== Aim of the exercise ==
Which lines of the data contain the string "lambda"? Copy every one of them.

[Collected data entries]
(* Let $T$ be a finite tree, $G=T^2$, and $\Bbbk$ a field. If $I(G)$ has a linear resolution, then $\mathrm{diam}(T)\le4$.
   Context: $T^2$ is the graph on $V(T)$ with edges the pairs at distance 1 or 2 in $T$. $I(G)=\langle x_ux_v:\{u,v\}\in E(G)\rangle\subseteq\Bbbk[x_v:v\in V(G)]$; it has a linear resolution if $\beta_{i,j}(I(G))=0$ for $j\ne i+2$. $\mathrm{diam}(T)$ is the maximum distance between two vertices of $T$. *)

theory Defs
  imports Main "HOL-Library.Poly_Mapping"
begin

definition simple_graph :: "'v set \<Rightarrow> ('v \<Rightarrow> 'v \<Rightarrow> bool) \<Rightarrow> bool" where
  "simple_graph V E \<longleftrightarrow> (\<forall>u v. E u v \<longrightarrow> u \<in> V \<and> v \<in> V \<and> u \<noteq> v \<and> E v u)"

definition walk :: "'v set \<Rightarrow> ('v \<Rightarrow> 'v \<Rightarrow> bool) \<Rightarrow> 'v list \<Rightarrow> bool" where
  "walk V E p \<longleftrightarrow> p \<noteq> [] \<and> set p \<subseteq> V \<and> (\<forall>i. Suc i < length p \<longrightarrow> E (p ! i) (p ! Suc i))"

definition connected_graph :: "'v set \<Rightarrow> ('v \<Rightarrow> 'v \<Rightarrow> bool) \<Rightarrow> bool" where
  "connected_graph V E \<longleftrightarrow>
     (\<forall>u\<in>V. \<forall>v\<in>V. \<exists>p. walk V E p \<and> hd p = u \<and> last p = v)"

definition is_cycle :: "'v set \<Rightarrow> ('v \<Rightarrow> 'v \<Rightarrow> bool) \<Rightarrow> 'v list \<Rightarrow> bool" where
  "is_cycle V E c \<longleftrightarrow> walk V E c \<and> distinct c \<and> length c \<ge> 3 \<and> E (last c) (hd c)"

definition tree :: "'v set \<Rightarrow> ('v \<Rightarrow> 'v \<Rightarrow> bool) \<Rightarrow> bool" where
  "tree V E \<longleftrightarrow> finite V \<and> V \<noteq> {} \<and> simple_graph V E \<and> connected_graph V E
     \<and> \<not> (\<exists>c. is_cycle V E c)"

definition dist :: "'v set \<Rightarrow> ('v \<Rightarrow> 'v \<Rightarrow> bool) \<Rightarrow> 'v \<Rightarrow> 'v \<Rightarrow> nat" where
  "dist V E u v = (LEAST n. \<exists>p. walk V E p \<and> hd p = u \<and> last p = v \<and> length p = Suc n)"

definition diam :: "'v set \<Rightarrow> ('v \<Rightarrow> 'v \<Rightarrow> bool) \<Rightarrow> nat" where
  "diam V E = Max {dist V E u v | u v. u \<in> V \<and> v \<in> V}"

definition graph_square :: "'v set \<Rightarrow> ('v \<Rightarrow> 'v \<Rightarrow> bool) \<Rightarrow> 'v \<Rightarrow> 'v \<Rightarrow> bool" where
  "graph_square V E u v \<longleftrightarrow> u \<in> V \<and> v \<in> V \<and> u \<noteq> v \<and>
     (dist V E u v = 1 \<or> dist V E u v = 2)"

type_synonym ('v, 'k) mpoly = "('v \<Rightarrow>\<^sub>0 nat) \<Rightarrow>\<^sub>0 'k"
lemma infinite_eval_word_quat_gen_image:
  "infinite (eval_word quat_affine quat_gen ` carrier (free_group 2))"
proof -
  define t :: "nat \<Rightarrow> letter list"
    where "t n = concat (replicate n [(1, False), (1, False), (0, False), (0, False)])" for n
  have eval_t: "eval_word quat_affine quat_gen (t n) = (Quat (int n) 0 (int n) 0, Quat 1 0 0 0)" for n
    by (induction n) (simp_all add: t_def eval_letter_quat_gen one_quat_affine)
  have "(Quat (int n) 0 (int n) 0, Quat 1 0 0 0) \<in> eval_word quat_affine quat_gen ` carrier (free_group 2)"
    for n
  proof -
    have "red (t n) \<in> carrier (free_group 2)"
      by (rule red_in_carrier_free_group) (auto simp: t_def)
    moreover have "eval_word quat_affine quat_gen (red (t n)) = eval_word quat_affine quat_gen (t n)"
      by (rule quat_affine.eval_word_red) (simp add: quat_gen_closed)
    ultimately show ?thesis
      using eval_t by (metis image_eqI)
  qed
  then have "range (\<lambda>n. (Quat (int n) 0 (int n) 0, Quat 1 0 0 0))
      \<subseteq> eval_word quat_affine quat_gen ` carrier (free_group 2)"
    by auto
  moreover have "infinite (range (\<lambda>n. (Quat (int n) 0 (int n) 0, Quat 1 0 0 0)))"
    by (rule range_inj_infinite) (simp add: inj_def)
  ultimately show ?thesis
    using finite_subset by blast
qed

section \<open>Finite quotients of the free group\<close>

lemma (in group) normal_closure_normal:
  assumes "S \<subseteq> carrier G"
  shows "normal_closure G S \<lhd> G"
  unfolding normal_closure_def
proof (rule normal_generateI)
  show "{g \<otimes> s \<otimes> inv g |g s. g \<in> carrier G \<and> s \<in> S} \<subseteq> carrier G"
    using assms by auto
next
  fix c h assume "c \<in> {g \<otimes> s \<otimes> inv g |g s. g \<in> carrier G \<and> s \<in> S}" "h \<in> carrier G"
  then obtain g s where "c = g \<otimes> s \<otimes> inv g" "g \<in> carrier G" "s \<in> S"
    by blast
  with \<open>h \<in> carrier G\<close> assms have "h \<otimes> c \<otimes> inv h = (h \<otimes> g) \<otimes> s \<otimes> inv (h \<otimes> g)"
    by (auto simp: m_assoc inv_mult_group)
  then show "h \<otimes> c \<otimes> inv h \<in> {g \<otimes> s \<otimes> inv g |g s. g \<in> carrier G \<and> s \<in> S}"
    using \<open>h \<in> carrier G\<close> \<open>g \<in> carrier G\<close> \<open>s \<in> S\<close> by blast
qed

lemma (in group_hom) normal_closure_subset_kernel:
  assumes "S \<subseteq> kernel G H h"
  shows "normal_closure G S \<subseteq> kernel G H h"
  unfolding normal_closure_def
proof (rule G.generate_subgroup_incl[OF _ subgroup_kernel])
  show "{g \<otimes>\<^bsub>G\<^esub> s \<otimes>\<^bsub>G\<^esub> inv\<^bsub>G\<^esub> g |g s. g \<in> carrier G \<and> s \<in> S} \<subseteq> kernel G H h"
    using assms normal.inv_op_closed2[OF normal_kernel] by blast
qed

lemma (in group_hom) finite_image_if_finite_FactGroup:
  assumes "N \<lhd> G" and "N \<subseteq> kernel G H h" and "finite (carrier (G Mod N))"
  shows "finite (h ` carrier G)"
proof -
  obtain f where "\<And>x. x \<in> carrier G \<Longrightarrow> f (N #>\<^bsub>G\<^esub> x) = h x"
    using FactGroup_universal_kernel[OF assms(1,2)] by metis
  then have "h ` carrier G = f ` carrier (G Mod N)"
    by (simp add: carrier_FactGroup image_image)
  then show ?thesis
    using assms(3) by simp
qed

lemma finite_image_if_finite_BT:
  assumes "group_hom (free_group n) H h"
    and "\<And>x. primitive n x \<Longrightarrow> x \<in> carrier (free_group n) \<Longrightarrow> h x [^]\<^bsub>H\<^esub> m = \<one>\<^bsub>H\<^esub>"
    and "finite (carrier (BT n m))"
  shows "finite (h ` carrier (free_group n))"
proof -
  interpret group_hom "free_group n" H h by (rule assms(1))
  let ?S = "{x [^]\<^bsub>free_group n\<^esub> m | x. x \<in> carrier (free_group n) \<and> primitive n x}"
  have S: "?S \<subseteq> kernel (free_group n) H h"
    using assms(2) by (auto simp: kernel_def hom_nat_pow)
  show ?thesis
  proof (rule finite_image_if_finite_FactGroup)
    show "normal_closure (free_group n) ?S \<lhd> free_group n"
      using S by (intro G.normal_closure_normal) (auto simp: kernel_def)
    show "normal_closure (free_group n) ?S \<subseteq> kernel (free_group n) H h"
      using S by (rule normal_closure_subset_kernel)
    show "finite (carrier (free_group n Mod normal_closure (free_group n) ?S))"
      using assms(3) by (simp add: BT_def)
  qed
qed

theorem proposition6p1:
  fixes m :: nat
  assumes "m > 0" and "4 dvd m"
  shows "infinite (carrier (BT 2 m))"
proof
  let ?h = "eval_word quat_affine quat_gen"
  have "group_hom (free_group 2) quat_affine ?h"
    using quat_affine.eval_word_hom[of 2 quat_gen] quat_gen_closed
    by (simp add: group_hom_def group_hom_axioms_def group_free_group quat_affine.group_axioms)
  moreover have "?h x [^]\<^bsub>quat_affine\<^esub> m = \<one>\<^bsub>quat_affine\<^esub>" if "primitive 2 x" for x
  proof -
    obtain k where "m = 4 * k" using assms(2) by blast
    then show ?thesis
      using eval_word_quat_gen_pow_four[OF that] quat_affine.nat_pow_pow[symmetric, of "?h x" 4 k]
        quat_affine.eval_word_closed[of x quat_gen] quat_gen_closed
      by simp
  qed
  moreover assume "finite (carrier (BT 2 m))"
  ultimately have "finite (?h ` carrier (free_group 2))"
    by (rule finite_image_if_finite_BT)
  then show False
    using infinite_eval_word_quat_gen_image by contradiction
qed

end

== Solution for this task ==
  then have "range (\<lambda>n. (Quat (int n) 0 (int n) 0, Quat 1 0 0 0))
  moreover have "infinite (range (\<lambda>n. (Quat (int n) 0 (int n) 0, Quat 1 0 0 0)))"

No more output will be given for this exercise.